# What you need to do:
Your response should consist of the entries below, written out exactly.

Given data below:

text \<open>Near 0 every edge cost either vanishes or behaves like \<alpha>_e x ^ d_e with \<alpha>_e > 0.
  If some path consists of vanishing edges, Opt = 0 for small demand and PoA = 1 by convention.
  Otherwise let s be the largest degree such that some path has all its non-vanishing edges of
  degree at least s; every path then has a non-vanishing edge of degree at most s, so the
  equilibrium cost \<Lambda> of demand M is of exact order M ^ s.  Against any feasible flow g with
  loads y (the equilibrium f having loads x), weigh the edges by the truncated costs
  w_e = (s+1) min (c_e(x_e)) \<Lambda>: the equilibrium property gives \<Sum> y_e w_e \<ge> (s+1) \<Lambda> M, and edgewise y (w - c(y)) \<le> s x c(x) + o(M ^ (s+1))
  (by Young's inequality on edges of degree s; edges of higher degree are negligible; edges of
  lower degree carry o(M) flow unless their cost already exceeds w).  Summing,
  L(g) \<ge> \<Lambda> M - o(M ^ (s+1)) = (1 - o(1)) L(f).\<close>

section \<open>Nonnegative costs analytic at zero\<close>

definition vanishes_near_zero :: "(real \<Rightarrow> real) \<Rightarrow> bool" where
  "vanishes_near_zero g \<longleftrightarrow> (\<exists>\<rho>>0. \<forall>y. 0 \<le> y \<and> y \<le> \<rho> \<longrightarrow> g y = 0)"

definition leading_term :: "(real \<Rightarrow> real) \<Rightarrow> real \<Rightarrow> nat \<Rightarrow> bool" where
  "leading_term g \<alpha> d \<longleftrightarrow>
     (\<exists>B \<rho>. 0 \<le> B \<and> 0 < \<rho> \<and> (\<forall>y. 0 \<le> y \<and> y \<le> \<rho> \<longrightarrow> \<bar>g y - \<alpha> * y ^ d\<bar> \<le> B * y ^ Suc d))"

lemma sums_abs_le:
  fixes u v :: "nat \<Rightarrow> real"
  assumes "u sums s" "v sums t" "\<And>k. \<bar>u k\<bar> \<le> v k"
  shows "\<bar>s\<bar> \<le> t"
proof -
  have "s \<le> t" by (rule sums_le[OF _ assms(1,2)]) (use assms(3) abs_le_D1 in blast)
  moreover have "-s \<le> t"
    by (rule sums_le[OF _ sums_minus[OF assms(1)] assms(2)]) (use assms(3) abs_le_D2 in blast)
  ultimately show ?thesis by linarith
qed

End of Given data.

# The completed task:
text \<open>Near 0 every edge cost either vanishes or behaves like \<alpha>_e x ^ d_e with \<alpha>_e > 0.
  If some path consists of vanishing edges, Opt = 0 for small demand and PoA = 1 by convention.
  Otherwise let s be the largest degree such that some path has all its non-vanishing edges of
  degree at least s; every path then has a non-vanishing edge of degree at most s, so the
  equilibrium cost \<Lambda> of demand M is of exact order M ^ s.  Against any feasible flow g with
  loads y (the equilibrium f having loads x), weigh the edges by the truncated costs
  w_e = (s+1) min (c_e(x_e)) \<Lambda>: the equilibrium property gives \<Sum> y_e w_e \<ge> (s+1) \<Lambda> M, and edgewise y (w - c(y)) \<le> s x c(x) + o(M ^ (s+1))
  (by Young's inequality on edges of degree s; edges of higher degree are negligible; edges of
  lower degree carry o(M) flow unless their cost already exceeds w).  Summing,
  L(g) \<ge> \<Lambda> M - o(M ^ (s+1)) = (1 - o(1)) L(f).\<close>

section \<open>Nonnegative costs analytic at zero\<close>

definition vanishes_near_zero :: "(real \<Rightarrow> real) \<Rightarrow> bool" where
  "vanishes_near_zero g \<longleftrightarrow> (\<exists>\<rho>>0. \<forall>y. 0 \<le> y \<and> y \<le> \<rho> \<longrightarrow> g y = 0)"

definition leading_term :: "(real \<Rightarrow> real) \<Rightarrow> real \<Rightarrow> nat \<Rightarrow> bool" where
  "leading_term g \<alpha> d \<longleftrightarrow>
     (\<exists>B \<rho>. 0 \<le> B \<and> 0 < \<rho> \<and> (\<forall>y. 0 \<le> y \<and> y \<le> \<rho> \<longrightarrow> \<bar>g y - \<alpha> * y ^ d\<bar> \<le> B * y ^ Suc d))"

lemma sums_abs_le:
  fixes u v :: "nat \<Rightarrow> real"
  assumes "u sums s" "v sums t" "\<And>k. \<bar>u k\<bar> \<le> v k"
  shows "\<bar>s\<bar> \<le> t"
proof -
  have "s \<le> t" by (rule sums_le[OF _ assms(1,2)]) (use assms(3) abs_le_D1 in blast)
  moreover have "-s \<le> t"
    by (rule sums_le[OF _ sums_minus[OF assms(1)] assms(2)]) (use assms(3) abs_le_D2 in blast)
  ultimately show ?thesis by linarith
qed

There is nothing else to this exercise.